Kotak Securities' head of equities research, Shrikant Chouhan, believes that the Nifty 50 may find significant support between 22,800 and 22,750.
"The market may reach 22,600 levels if selling pressure increases and the Nifty 50 drops below 22,750. Reducing weak long positions between 23,000 and 23,050 levels should be the strategy. But if the index drops to 22,600 over the week, we should try to purchase a few stocks with a medium- to long-term outlook," Chouhan stated.
On hourly charts, the RSI is oversold, and a recovery from the lower range to test the average line was anticipated, according to brokerage firm Reliance Securities.

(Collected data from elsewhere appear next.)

definition CAT0 :: "'a::metric_space itself \<Rightarrow> bool" where
  "CAT0 X \<longleftrightarrow> geodesic_space X \<and>
     (\<forall>(z::'a) g a b t. geodesic g a b \<longrightarrow> 0 \<le> t \<longrightarrow> t \<le> 1 \<longrightarrow>
        (dist z (g ((1 - t) * a + t * b)))\<^sup>2 \<le>
          (1 - t) * (dist z (g a))\<^sup>2 + t * (dist z (g b))\<^sup>2
          - t * (1 - t) * (dist (g a) (g b))\<^sup>2)"

text \<open>cc x y t denotes (1-t)x + ty: the point at distance t d(x,y) from x on the
  (unique) geodesic from x to y.\<close>
definition cc :: "'a::metric_space \<Rightarrow> 'a \<Rightarrow> real \<Rightarrow> 'a" where
  "cc x y t = (THE z. \<exists>g. geodesic g 0 (dist x y) \<and> g 0 = x \<and> g (dist x y) = y
                          \<and> z = g (t * dist x y))"

definition nonexpansive :: "('a::metric_space \<Rightarrow> 'a) \<Rightarrow> bool" where
  "nonexpansive T \<longleftrightarrow> (\<forall>x y. dist (T x) (T y) \<le> dist x y)"

definition resolvent :: "('a::metric_space \<Rightarrow> 'a) \<Rightarrow> real \<Rightarrow> 'a \<Rightarrow> 'a" where
  "resolvent T \<gamma> x = (THE y. y = cc x (T y) (\<gamma> / (1 + \<gamma>)))"

definition jointly_firmly_nonexpansive ::
  "(nat \<Rightarrow> 'a::metric_space \<Rightarrow> 'a) \<Rightarrow> (nat \<Rightarrow> real) \<Rightarrow> bool" where
  "jointly_firmly_nonexpansive Ts \<gamma> \<longleftrightarrow>
     (\<forall>n m x y \<alpha> \<beta>. 0 \<le> \<alpha> \<longrightarrow> \<alpha> \<le> 1 \<longrightarrow> 0 \<le> \<beta> \<longrightarrow> \<beta> \<le> 1 \<longrightarrow>
        (1 - \<alpha>) * \<gamma> n = (1 - \<beta>) * \<gamma> m \<longrightarrow>
        dist (Ts n x) (Ts m y) \<le> dist (cc x (Ts n x) \<alpha>) (cc y (Ts m y) \<beta>))"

Kotak Securities' head of equities research, Shrikant Chouhan, believes that the Nifty 50 may find significant support between 22,800 and 22,750.
"The market may reach 22,600 levels if selling pressure increases and the Nifty 50 drops below 22,750. Reducing weak long positions between 23,000 and 23,050 levels should be the strategy. But if the index drops to 22,600 over the week, we should try to purchase a few stocks with a medium- to long-term outlook," Chouhan stated.